(* Let $h\ge 3$ and let $m$ be a positive integer with $\omega=\omega(m)\ge 2$, and let $\varpi=\varpi(m)$. Then there are $\mathrm{CC}^h[m]$-circuits of size $2^{O(n^{1/((\omega-1)(h-2)+(\varpi-1))}\log n)}$ computing the $n$-ary conjunction $\mathrm{AND}_n$.
   Context: For an integer $m\ge 1$ and $A\subseteq\{0,\dots,m-1\}$, a gate $\mathrm{MOD}_m^A$ takes finitely many Boolean inputs (counted with multiplicity) and outputs $1$ if their sum modulo $m$ lies in $A$, and $0$ otherwise. A $\mathrm{CC}^h[m]$-circuit is a depth-$h$ Boolean circuit all of whose gates are of the form $\mathrm{MOD}_m^A$ ($A$ may vary between gates), with Boolean variable inputs and multiple wires allowed. The size of a circuit is its number of gates. $\omega(m)$ is the number of distinct prime divisors of $m$ and $\varpi(m)$ is the number of prime divisors $p$ of $m$ with $p\ge\omega(m)$. *)

theory Defs
  imports Complex_Main "HOL-Library.Multiset" "HOL-Computational_Algebra.Primes"
begin

definition omega :: "nat \<Rightarrow> nat" where
  "omega m = card (prime_factors m)"

definition varpi :: "nat \<Rightarrow> nat" where
  "varpi m = card {p \<in> prime_factors m. p \<ge> omega m}"

text \<open>A wire feeding a gate: either an input variable x_j or the output of an
  earlier gate (gates are listed in topological order).\<close>
datatype wire = Var nat | Gate nat

text \<open>A MOD_m^A gate: accepting set A and the multiset of its input wires
  (multiple wires allowed).\<close>
record modgate =
  acc :: "nat set"
  ins :: "wire multiset"

type_synonym circuit = "modgate list"

fun wire_val :: "(nat \<Rightarrow> bool) \<Rightarrow> bool list \<Rightarrow> wire \<Rightarrow> nat" where
  "wire_val x vs (Var j) = (if x j then 1 else 0)"
| "wire_val x vs (Gate k) = (if k < length vs \<and> vs ! k then 1 else 0)"

definition gate_out :: "nat \<Rightarrow> (nat \<Rightarrow> bool) \<Rightarrow> bool list \<Rightarrow> modgate \<Rightarrow> bool" where
  "gate_out m x vs g = ((\<Sum>\<^sub># (image_mset (wire_val x vs) (ins g))) mod m \<in> acc g)"

definition circ_vals :: "nat \<Rightarrow> circuit \<Rightarrow> (nat \<Rightarrow> bool) \<Rightarrow> bool list" where
  "circ_vals m C x = foldl (\<lambda>vs g. vs @ [gate_out m x vs g]) [] C"

definition circ_eval :: "nat \<Rightarrow> circuit \<Rightarrow> (nat \<Rightarrow> bool) \<Rightarrow> bool" where
  "circ_eval m C x = last (circ_vals m C x)"

fun wire_depth :: "nat list \<Rightarrow> wire \<Rightarrow> nat" where
  "wire_depth ds (Var j) = 0"
| "wire_depth ds (Gate k) = (if k < length ds then ds ! k else 0)"

definition gate_depth :: "nat list \<Rightarrow> modgate \<Rightarrow> nat" where
  "gate_depth ds g = Suc (Max (insert 0 (wire_depth ds ` set_mset (ins g))))"

definition circ_depths :: "circuit \<Rightarrow> nat list" where
  "circ_depths C = foldl (\<lambda>ds g. ds @ [gate_depth ds g]) [] C"

definition circ_depth :: "circuit \<Rightarrow> nat" where
  "circ_depth C = Max (insert 0 (set (circ_depths C)))"

definition wf_circuit :: "nat \<Rightarrow> nat \<Rightarrow> circuit \<Rightarrow> bool" where
  "wf_circuit m n C \<longleftrightarrow> C \<noteq> [] \<and>
     (\<forall>i < length C. acc (C ! i) \<subseteq> {..<m} \<and>
        (\<forall>w \<in># ins (C ! i). (\<forall>j. w = Var j \<longrightarrow> j < n) \<and> (\<forall>k. w = Gate k \<longrightarrow> k < i)))"

text \<open>A CC^h[m]-circuit on n inputs: depth-h circuit of MOD_m^A gates
  (depth at most h; equivalent to exactly h by padding with identity gates).\<close>
definition CC_circuit :: "nat \<Rightarrow> nat \<Rightarrow> nat \<Rightarrow> circuit \<Rightarrow> bool" where
  "CC_circuit h m n C \<longleftrightarrow> wf_circuit m n C \<and> circ_depth C \<le> h"

definition circ_size :: "circuit \<Rightarrow> nat" where
  "circ_size C = length C"

definition computes_AND :: "nat \<Rightarrow> nat \<Rightarrow> circuit \<Rightarrow> bool" where
  "computes_AND m n C \<longleftrightarrow> (\<forall>x. circ_eval m C x = (\<forall>j<n. x j))"

end

(* The inputs are grouped into a tree of blocks: a block of level l + 1 consists of B blocks of
   level l, where B = s^(w - 1) - 1 and w is the number of prime divisors of m.  For every block
   and every prime q dividing m we build an integer combination of MOD_m gates of depth l whose
   value is divisible by q iff the block is all true.

   To go up one level, let N be the number of all-true subblocks.  For each prime r let d_r >= s
   be a power of r; the product of the d_r over any w - 1 primes exceeds B >= N, so N = B iff
   N = B (mod d_r) for all r different from q.  Modulo q, the indicator [N <> B (mod d_q)] is an
   integer combination of the binomial coefficients (N choose j), j < d_q, since these are
   d_q-periodic modulo q, and (N choose j) counts the j-sets K of all-true subblocks.  That all
   subblocks in K are all true, i.e. that r divides their values for all r <> q, is expressed
   modulo q by one layer of MOD_m gates through the identity
     Sum_{a in Z_r^K} ([Sum_k a_k F_k = 0 (mod r)] - [Sum_k a_k F_k = 1 (mod r)])
       = r^|K| [r divides every F_k],
   the conditions for the different primes r being merged into a single gate by Chinese
   remaindering.  A top gate tests divisibility by all primes.

   With h - 1 levels and s ~ n^(1/((w - 1)(h - 1))) the circuit has size (m s)^O(s).  Because
   varpi(m) <= omega(m), the exponent (w - 1)(h - 1) is at least the one in the statement. *)

theory Submission
  imports Defs "HOL-Library.FuncSet" "HOL-Number_Theory.Cong"
begin

section \<open>Formulas of MOD gates and their circuits\<close>

datatype formula = Input nat | ModGate "nat set" "formula list"

fun eval_formula :: "nat \<Rightarrow> (nat \<Rightarrow> bool) \<Rightarrow> formula \<Rightarrow> bool" where
  "eval_formula m x (Input j) = x j"
| "eval_formula m x (ModGate A es) = ((\<Sum>e\<leftarrow>es. if eval_formula m x e then 1 else 0) mod m \<in> A)"

fun formula_depth :: "formula \<Rightarrow> nat" where
  "formula_depth (Input j) = 0"
| "formula_depth (ModGate A es) = Suc (foldr max (map formula_depth es) 0)"

fun formula_size :: "formula \<Rightarrow> nat" where
  "formula_size (Input j) = 0"
| "formula_size (ModGate A es) = Suc (\<Sum>e\<leftarrow>es. formula_size e)"

fun formula_vars :: "formula \<Rightarrow> nat set" where
  "formula_vars (Input j) = {j}"
| "formula_vars (ModGate A es) = (\<Union>e\<in>set es. formula_vars e)"

fun is_gate :: "formula \<Rightarrow> bool" where
  "is_gate (Input j) = False"
| "is_gate (ModGate A es) = True"

fun gate_args :: "formula \<Rightarrow> formula list" where
  "gate_args (Input j) = []"
| "gate_args (ModGate A es) = es"

fun gate_acc :: "formula \<Rightarrow> nat set" where
  "gate_acc (Input j) = {}"
| "gate_acc (ModGate A es) = A"

fun postorder :: "formula \<Rightarrow> formula list" where
  "postorder (Input j) = []"
| "postorder (ModGate A es) = concat (map postorder es) @ [ModGate A es]"

lemma foldr_max_ge: "e \<in> set es \<Longrightarrow> f e \<le> foldr max (map f es) (0::nat)"
  by (induction es) auto

lemma foldr_max_le: "(\<And>e. e \<in> set es \<Longrightarrow> f e \<le> l) \<Longrightarrow> foldr max (map f es) (0::nat) \<le> l"
  by (induction es) auto

definition topo_ordered :: "formula list \<Rightarrow> bool" where
  "topo_ordered S \<longleftrightarrow> (\<forall>i < length S. is_gate (S ! i) \<and>
      (\<forall>c \<in> set (gate_args (S ! i)). is_gate c \<longrightarrow> c \<in> set (take i S)))"

lemma topo_ordered_append:
  assumes "topo_ordered S1" "topo_ordered S2" shows "topo_ordered (S1 @ S2)"
  unfolding topo_ordered_def
proof (intro allI impI)
  fix i assume i: "i < length (S1 @ S2)"
  show "is_gate ((S1 @ S2) ! i) \<and>
    (\<forall>c\<in>set (gate_args ((S1 @ S2) ! i)). is_gate c \<longrightarrow> c \<in> set (take i (S1 @ S2)))"
  proof (cases "i < length S1")
    case True
    then show ?thesis using assms(1) by (auto simp: topo_ordered_def nth_append)
  next
    case False
    define k where "k = i - length S1"
    have k: "k < length S2" "i = length S1 + k" using i False by (auto simp: k_def)
    have "set (take k S2) \<subseteq> set (take i (S1 @ S2))" using k by auto
    then show ?thesis using assms(2) k by (auto simp: topo_ordered_def nth_append)
  qed
qed

lemma topo_ordered_Nil: "topo_ordered []"
  by (simp add: topo_ordered_def)

lemma topo_ordered_concat: "(\<And>S. S \<in> set Ss \<Longrightarrow> topo_ordered S) \<Longrightarrow> topo_ordered (concat Ss)"
  by (induction Ss) (auto intro: topo_ordered_append simp: topo_ordered_Nil)

lemma topo_ordered_snoc:
  assumes "topo_ordered S" "is_gate g" "\<And>c. c \<in> set (gate_args g) \<Longrightarrow> is_gate c \<Longrightarrow> c \<in> set S"
  shows "topo_ordered (S @ [g])"
  unfolding topo_ordered_def
proof (intro allI impI)
  fix i assume i: "i < length (S @ [g])"
  show "is_gate ((S @ [g]) ! i) \<and>
    (\<forall>c\<in>set (gate_args ((S @ [g]) ! i)). is_gate c \<longrightarrow> c \<in> set (take i (S @ [g])))"
  proof (cases "i < length S")
    case True
    then show ?thesis using assms(1) by (auto simp: topo_ordered_def nth_append)
  next
    case False
    then have "i = length S" using i by simp
    then show ?thesis using assms by (auto simp: nth_append)
  qed
qed

lemma last_postorder: "is_gate e \<Longrightarrow> postorder e \<noteq> [] \<and> last (postorder e) = e"
  by (cases e) auto

lemma topo_ordered_postorder: "topo_ordered (postorder e)"
proof (induction e)
  case (Input j)
  then show ?case by (simp add: topo_ordered_def)
next
  case (ModGate A es)
  have args: "topo_ordered (concat (map postorder es))"
    by (rule topo_ordered_concat) (use ModGate in auto)
  have self: "c \<in> set (postorder c)" if "is_gate c" for c
    using last_postorder[OF that] by (metis last_in_set)
  show ?case
    unfolding postorder.simps by (rule topo_ordered_snoc[OF args]) (use self in fastforce)+
qed

lemma postorder_subformula:
  "g \<in> set (postorder e) \<Longrightarrow> formula_depth g \<le> formula_depth e \<and> formula_vars g \<subseteq> formula_vars e"
proof (induction e)
  case (Input j)
  then show ?case by simp
next
  case (ModGate A es)
  show ?case
  proof (cases "g = ModGate A es")
    case False
    then obtain c where "c \<in> set es" "g \<in> set (postorder c)" using ModGate.prems by auto
    then show ?thesis using ModGate.IH foldr_max_ge[of c es formula_depth] by fastforce
  qed simp
qed

lemma length_postorder: "length (postorder e) = formula_size e"
  by (induction e) (auto simp: length_concat comp_def intro!: arg_cong[where f=sum_list])

text \<open>Equal subformulas have equal values, so each argument may be wired to the first gate
  of the postorder list that is equal to it.\<close>

definition wire_of :: "formula list \<Rightarrow> formula \<Rightarrow> wire" where
  "wire_of S c = (case c of Input j \<Rightarrow> Var j | ModGate A es \<Rightarrow> Gate (LEAST k. S ! k = c))"

definition compile_gate :: "nat \<Rightarrow> formula list \<Rightarrow> formula \<Rightarrow> modgate" where
  "compile_gate m S g = \<lparr>acc = gate_acc g \<inter> {..<m}, ins = mset (map (wire_of S) (gate_args g))\<rparr>"

definition compile :: "nat \<Rightarrow> formula \<Rightarrow> circuit" where
  "compile m e = map (compile_gate m (postorder e)) (postorder e)"

lemma circ_vals_snoc:
  "circ_vals m (C @ [g]) x = circ_vals m C x @ [gate_out m x (circ_vals m C x) g]"
  by (simp add: circ_vals_def)

lemma length_circ_vals: "length (circ_vals m C x) = length C"
  by (induction C rule: rev_induct) (simp_all add: circ_vals_snoc, simp add: circ_vals_def)

lemma circ_vals_nth:
  "i < length C \<Longrightarrow> circ_vals m C x ! i = gate_out m x (take i (circ_vals m C x)) (C ! i)"
proof (induction C arbitrary: i rule: rev_induct)
  case (snoc g C)
  then show ?case
    by (cases "i < length C") (auto simp: circ_vals_snoc nth_append length_circ_vals)
qed simp

lemma circ_depths_snoc: "circ_depths (C @ [g]) = circ_depths C @ [gate_depth (circ_depths C) g]"
  by (simp add: circ_depths_def)

lemma length_circ_depths: "length (circ_depths C) = length C"
  by (induction C rule: rev_induct) (simp_all add: circ_depths_snoc, simp add: circ_depths_def)

lemma circ_depths_nth:
  "i < length C \<Longrightarrow> circ_depths C ! i = gate_depth (take i (circ_depths C)) (C ! i)"
proof (induction C arbitrary: i rule: rev_induct)
  case (snoc g C)
  then show ?case
    by (cases "i < length C") (auto simp: circ_depths_snoc nth_append length_circ_depths)
qed simp

lemma topo_ordered_first_index:
  assumes "topo_ordered S" "i < length S" "c \<in> set (gate_args (S ! i))" "is_gate c"
  shows "(LEAST k. S ! k = c) < i \<and> S ! (LEAST k. S ! k = c) = c"
proof -
  have "c \<in> set (take i S)" using assms unfolding topo_ordered_def by blast
  then obtain k where k: "k < i" "S ! k = c" by (auto simp: in_set_conv_nth)
  then have "(LEAST k. S ! k = c) \<le> k" "S ! (LEAST k. S ! k = c) = c"
    by (auto intro: Least_le LeastI)
  then show ?thesis using k by simp
qed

• • • • • • •

### What you are asked to do
Nothing but a number belongs in the answer: the number of lines above that contain "every".

### Problem solution
3